Ultimately, organizations such as the Public Health Agency of Canada, the World Health Organization, as well as the European Commission and the U.S. Centers for Disease Control and Prevention, recognized wastewater surveillance as an important tool in the pandemic.

The wastewater surveillance option also provided a much less expensive option on a per capita basis than other testing methods, the report states, particularly as clinical testing was overwhelmed in the face of variants such as Omicron.

Although initial emphasis was on monitoring at WWTPs serving large communities, researchers successfully monitored sewers directly serving priority locations such as long-term care facilities, hospitals, university residences, as well as industrial and correctional facilities.

Wastewater surveillance was also useful in capturing signals from asymptomatic individuals, the report states.

In April 2020, RSC established a task force to equip Canadians with accurate information about the country’s response and recovery to COVID-19.

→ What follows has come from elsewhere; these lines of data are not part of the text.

text \<open>In an eigenbasis of \<open>A\<close> the relation says that the spectra of \<open>A\<^sup>2\<close> and \<open>A\<^sup>3\<close> coincide,
  so cubing is injective on the spectrum of \<open>A\<close>; hence everything commuting with
  \<open>A\<^sup>3 = (B\<^sup>* A B)\<^sup>2\<close>, in particular \<open>B\<^sup>* A B\<close>, commutes with \<open>A\<close>.\<close>

lemma unitary_bs23_relation_commute:
  assumes UA: "unitary_mat n A" and UB: "unitary_mat n B"
    and rel: "cadj B * A ^\<^sub>m 2 * B = A ^\<^sub>m 3"
  shows "A * (cadj B * A * B) = (cadj B * A * B) * A"
proof -
  have Ac: "A \<in> carrier_mat n n" and Bc: "B \<in> carrier_mat n n"
    using UA UB by (simp_all add: unitary_carrier)
  obtain P Q d where wit: "similar_mat_wit A (mat_diag n d) P Q"
    using unitary_diagonalizable[OF UA] by blast
  have P: "P \<in> carrier_mat n n" and Q: "Q \<in> carrier_mat n n"
    and PQ: "P * Q = 1\<^sub>m n" and QP: "Q * P = 1\<^sub>m n" and A: "A = P * mat_diag n d * Q"
    using similar_mat_witD2[OF Ac wit] by blast+
  have "similar_mat (A ^\<^sub>m 3) (A ^\<^sub>m 2)"
    using UB Ac Bc rel by (intro similar_matI[where P = "cadj B" and Q = B and n = n])
      (auto simp: unitary_mat_def)
  then have inj: "inj_on (\<lambda>x. x ^ 3) (d ` {..<n})"
    by (rule inj_on_cube_diag_if_similar_pow[OF wit])
  define C where "C = cadj B * A * B"
  have Cc: "C \<in> carrier_mat n n" unfolding C_def using Ac Bc by (meson cadj_carrier mult_carrier_mat)
  have "C * C = A ^\<^sub>m 3" unfolding C_def rel[symmetric] by (rule unitary_conj_square[OF UB Ac])
  then have "C * A ^\<^sub>m 3 = A ^\<^sub>m 3 * C"
    using assoc_mult_mat[OF Cc Cc Cc] by simp
  moreover have "Q * A ^\<^sub>m 3 * P = mat_diag n (\<lambda>i. d i ^ 3)"
    using similar_mat_wit_pow_id[OF wit] conj_mult_cancel[OF P Q mat_diag_dim QP]
    by (simp add: mat_diag_pow)
  ultimately have "(Q * C * P) * mat_diag n (\<lambda>i. d i ^ 3) = mat_diag n (\<lambda>i. d i ^ 3) * (Q * C * P)"
    using similar_mat_wit_commute[OF Q P Cc _ PQ, of "A ^\<^sub>m 3"] Ac by simp
  moreover have QCP: "Q * C * P \<in> carrier_mat n n" using P Q Cc by (meson mult_carrier_mat)
  ultimately have "mat_diag n d * (Q * C * P) = (Q * C * P) * mat_diag n d"
    using mat_diag_commute_if_inj_on[where f = "\<lambda>x. x ^ 3", OF QCP _ inj] by simp
  then have "(P * mat_diag n d * Q) * (P * (Q * C * P) * Q) = (P * (Q * C * P) * Q) * (P * mat_diag n d * Q)"
    by (rule similar_mat_wit_commute[OF P Q mat_diag_dim QCP QP])
  then have "A * C = C * A"
    unfolding conj_mult_cancel[OF Q P Cc PQ] A[symmetric] .
  then show ?thesis unfolding C_def .
qed

section \<open>The Frobenius norm\<close>

lemma frob_norm_L2_set:
  "frob_norm T = L2_set (\<lambda>p. cmod (T $$ p)) ({..<dim_row T} \<times> {..<dim_col T})"
  unfolding frob_norm_def L2_set_def by (simp add: sum.cartesian_product)

lemma frob_norm_nonneg: "0 \<le> frob_norm T"
  unfolding frob_norm_L2_set by simp

lemma frob_norm_sq: "(frob_norm T)\<^sup>2 = (\<Sum>i<dim_row T. \<Sum>j<dim_col T. (cmod (T $$ (i, j)))\<^sup>2)"
  unfolding frob_norm_def by (simp add: sum_nonneg)

lemma norm_index_le_frob_norm:
  "i < dim_row T \<Longrightarrow> j < dim_col T \<Longrightarrow> cmod (T $$ (i, j)) \<le> frob_norm T"
  unfolding frob_norm_L2_set by (rule member_le_L2_set) auto

lemma frob_norm_add_le:
  assumes "dim_row X = dim_row Y" "dim_col X = dim_col Y"
  shows "frob_norm (X + Y) \<le> frob_norm X + frob_norm Y"
proof -
  let ?I = "{..<dim_row Y} \<times> {..<dim_col Y}"
  have "frob_norm (X + Y) = L2_set (\<lambda>p. cmod ((X + Y) $$ p)) ?I"
    unfolding frob_norm_L2_set by simp
  also have "\<dots> \<le> L2_set (\<lambda>p. cmod (X $$ p) + cmod (Y $$ p)) ?I"
    by (rule L2_set_mono) (auto simp: assms norm_triangle_ineq)
  also have "\<dots> \<le> frob_norm X + frob_norm Y"
    unfolding frob_norm_L2_set assms by (rule L2_set_triangle_ineq)
  finally show ?thesis .
qed

lemma frob_norm_uminus [simp]: "frob_norm (- X) = frob_norm X"
  unfolding frob_norm_def by simp

lemma frob_norm_diff_le:
  assumes "dim_row X = dim_row Y" "dim_col X = dim_col Y"
  shows "frob_norm (X - Y) \<le> frob_norm X + frob_norm Y"
proof -
  have "X - Y = X + (- Y)" using assms by (intro eq_matI) auto
  then show ?thesis using frob_norm_add_le[of X "- Y"] assms by simp
qed

lemma frob_norm_cadj [simp]: "frob_norm (cadj A) = frob_norm A"
proof -
  have "(\<Sum>i<dim_col A. \<Sum>j<dim_row A. (cmod (cadj A $$ (i, j)))\<^sup>2)
      = (\<Sum>j<dim_row A. \<Sum>i<dim_col A. (cmod (A $$ (j, i)))\<^sup>2)"
    by (subst sum.swap) simp
  then show ?thesis unfolding frob_norm_def by simp
qed

lemma frob_norm_unitary_mult:
  assumes U: "unitary_mat n U" and X: "X \<in> carrier_mat n m"
  shows "frob_norm (U * X) = frob_norm X"
proof -
  have Uc: "U \<in> carrier_mat n n" using U by (rule unitary_carrier)
  have col_norm: "(\<Sum>i<n. (cmod (M $$ (i, j)))\<^sup>2) = Re (cinner n (col M j) (col M j))"
    if "M \<in> carrier_mat n m" "j < m" for M j
    using that unfolding cinner_self by simp
  have cols: "(\<Sum>i<n. (cmod ((U * X) $$ (i, j)))\<^sup>2) = (\<Sum>i<n. (cmod (X $$ (i, j)))\<^sup>2)"
    if j: "j < m" for j
  proof -
    have Xj: "col X j \<in> carrier_vec n" by (rule col_carrier_vec[OF j X])
    have "cinner n (col (U * X) j) (col (U * X) j) = cinner n (col X j) (col X j)"
      unfolding col_mult2[OF Uc X j] by (rule cinner_unitary[OF U Xj Xj])
    moreover have "U * X \<in> carrier_mat n m" using Uc X by simp
    ultimately show ?thesis using col_norm[OF X j] col_norm[of "U * X", OF _ j] by simp
  qed
  have "(frob_norm (U * X))\<^sup>2 = (\<Sum>i<n. \<Sum>j<m. (cmod ((U * X) $$ (i, j)))\<^sup>2)"
    unfolding frob_norm_sq using Uc X by simp
  also have "\<dots> = (\<Sum>j<m. \<Sum>i<n. (cmod ((U * X) $$ (i, j)))\<^sup>2)"
    by (rule sum.swap)
  also have "\<dots> = (\<Sum>j<m. \<Sum>i<n. (cmod (X $$ (i, j)))\<^sup>2)"
    using cols by simp
  also have "\<dots> = (\<Sum>i<n. \<Sum>j<m. (cmod (X $$ (i, j)))\<^sup>2)"
    by (rule sum.swap)
  also have "\<dots> = (frob_norm X)\<^sup>2"
    unfolding frob_norm_sq using X by simp
  finally show ?thesis by (rule power2_eq_imp_eq) (simp_all add: frob_norm_nonneg)
qed

lemma frob_norm_mult_unitary:
  assumes U: "unitary_mat m U" and X: "X \<in> carrier_mat n m"
  shows "frob_norm (X * U) = frob_norm X"
proof -
  have "frob_norm (X * U) = frob_norm (cadj U * cadj X)"
    using X unitary_carrier[OF U] by (simp add: cadj_mult[symmetric])
  also have "\<dots> = frob_norm X"
    using frob_norm_unitary_mult[OF unitary_cadj[OF U] cadj_carrier[OF X]] by simp
  finally show ?thesis .
qed

lemma frob_norm_mult_diff_le:
  assumes X1: "unitary_mat n X1" and X2: "unitary_mat n X2"
    and Y1: "unitary_mat n Y1" and Y2: "unitary_mat n Y2"
  shows "frob_norm (X1 * X2 - Y1 * Y2) \<le> frob_norm (X1 - Y1) + frob_norm (X2 - Y2)"
proof -
  have c: "X1 \<in> carrier_mat n n" "X2 \<in> carrier_mat n n" "Y1 \<in> carrier_mat n n" "Y2 \<in> carrier_mat n n"
    using X1 X2 Y1 Y2 unitary_carrier by auto
  have "X1 * X2 - Y1 * Y2 = (X1 - Y1) * X2 + Y1 * (X2 - Y2)"
    using c by (intro eq_matI)
      (auto simp: minus_mult_distrib_mat[of _ n n] mult_minus_distrib_mat[of _ n n])
  then have "frob_norm (X1 * X2 - Y1 * Y2) \<le> frob_norm ((X1 - Y1) * X2) + frob_norm (Y1 * (X2 - Y2))"
    using c by (simp add: frob_norm_add_le)
  also have "\<dots> = frob_norm (X1 - Y1) + frob_norm (X2 - Y2)"
    using frob_norm_mult_unitary[OF X2 minus_carrier_mat[OF c(3)]]
      frob_norm_unitary_mult[OF Y1 minus_carrier_mat[OF c(4)]] by simp
  finally show ?thesis .
qed

lemma word_eval_trivial: "word_eval k (\<lambda>_. 1\<^sub>m k) w = 1\<^sub>m k"
  by (induction w) (auto simp: word_eval_def)

lemma is_hom_trivial: "is_hom k S R (\<lambda>_. 1\<^sub>m k)"
  unfolding is_hom_def by (simp add: unitary_one word_eval_trivial)

lemma homdist_ge:
  assumes "\<And>\<rho>. is_hom k S R \<rho> \<Longrightarrow> c \<le> Max (insert 0 ((\<lambda>s. frob_norm (\<phi> s - \<rho> s)) ` S))"
  shows "c \<le> homdist k S R \<phi>"
  unfolding homdist_def using assms is_hom_trivial[of k S R] by (intro cInf_greatest) auto

lemma defect_single: "defect k [r] \<phi> = frob_norm (word_eval k \<phi> r - 1\<^sub>m k)"
  unfolding defect_def using frob_norm_nonneg by (simp add: max_def)

lemma word_eval_bs23_rel:
  "word_eval k \<phi> bs23_rel = cadj (\<phi> Gb) * (\<phi> Ga * (\<phi> Ga * (\<phi> Gb *
     (cadj (\<phi> Ga) * (cadj (\<phi> Ga) * (cadj (\<phi> Ga) * 1\<^sub>m k))))))"
  unfolding word_eval_def bs23_rel_def by simp

text \<open>The relator \<open>b\<^sup>-\<^sup>1 a\<^sup>2 b a\<^sup>-\<^sup>3\<close> differs from \<open>1\<close> by \<open>B\<^sup>* (A\<^sup>2 B - B A\<^sup>3) A\<^sup>-\<^sup>3\<close>.\<close>

lemma defect_bs23_rel:
  assumes UA: "unitary_mat n (\<phi> Ga)" and UB: "unitary_mat n (\<phi> Gb)"
  shows "defect n [bs23_rel] \<phi> = frob_norm (\<phi> Ga * \<phi> Ga * \<phi> Gb - \<phi> Gb * (\<phi> Ga * \<phi> Ga * \<phi> Ga))"
proof -
  let ?A = "\<phi> Ga" and ?B = "\<phi> Gb"
  have A: "?A \<in> carrier_mat n n" and B: "?B \<in> carrier_mat n n"
    using UA UB by (simp_all add: unitary_carrier)
  define V where "V = cadj ?A * (cadj ?A * cadj ?A)"
  define M where "M = ?A * ?A * ?B - ?B * (?A * ?A * ?A)"
  have V: "unitary_mat n V" unfolding V_def using UA by (simp add: unitary_mult unitary_cadj)
  have Vc: "V \<in> carrier_mat n n" using V by (rule unitary_carrier)
  have M: "M \<in> carrier_mat n n" unfolding M_def using A B by (meson minus_carrier_mat mult_carrier_mat)
  have "cadj ?B * M * V
      = cadj ?B * (?A * ?A * ?B) * V - cadj ?B * (?B * (?A * ?A * ?A)) * V"
  proof -
    have X: "?A * ?A * ?B \<in> carrier_mat n n" and Y: "?B * (?A * ?A * ?A) \<in> carrier_mat n n"
      using A B by (meson mult_carrier_mat)+
    have "cadj ?B \<in> carrier_mat n n" using B by simp
    note mult_minus_distrib_mat[OF this X Y]
      minus_mult_distrib_mat[OF mult_carrier_mat[OF this X] mult_carrier_mat[OF this Y] Vc]
    then show ?thesis unfolding M_def by simp
  qed
  also have "cadj ?B * (?B * (?A * ?A * ?A)) * V = 1\<^sub>m n"
    using UA UB A B unfolding V_def
    by (simp add: assoc_mult_mat_dims unitary_cadj_mult_cancel unitary_mult_cadj_cancel)
      (simp add: unitary_mat_def)
  also have "cadj ?B * (?A * ?A * ?B) * V = word_eval n \<phi> bs23_rel"
    unfolding word_eval_bs23_rel V_def using A B by (simp add: assoc_mult_mat_dims)
  finally have "word_eval n \<phi> bs23_rel - 1\<^sub>m n = cadj ?B * M * V" ..
  moreover have "frob_norm (cadj ?B * M * V) = frob_norm M"
    using frob_norm_mult_unitary[OF V, of "cadj ?B * M" n] frob_norm_unitary_mult[OF unitary_cadj[OF UB] M]
      mult_carrier_mat[OF cadj_carrier[OF B] M] by simp
  ultimately show ?thesis unfolding defect_single M_def by simp
qed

Some of the key recommendations made in the report include the need to create structures and capacity to sustain capability and develop rapid response to future public health threats, as well as to build upon existing infrastructure and programs.

In addition to designing frameworks for surveillance programs, the report also recommends new frameworks for interpretation of the data. Maintaining and promoting academic partnerships and communication networks that will help identify new opportunities and threats is also considered a priority.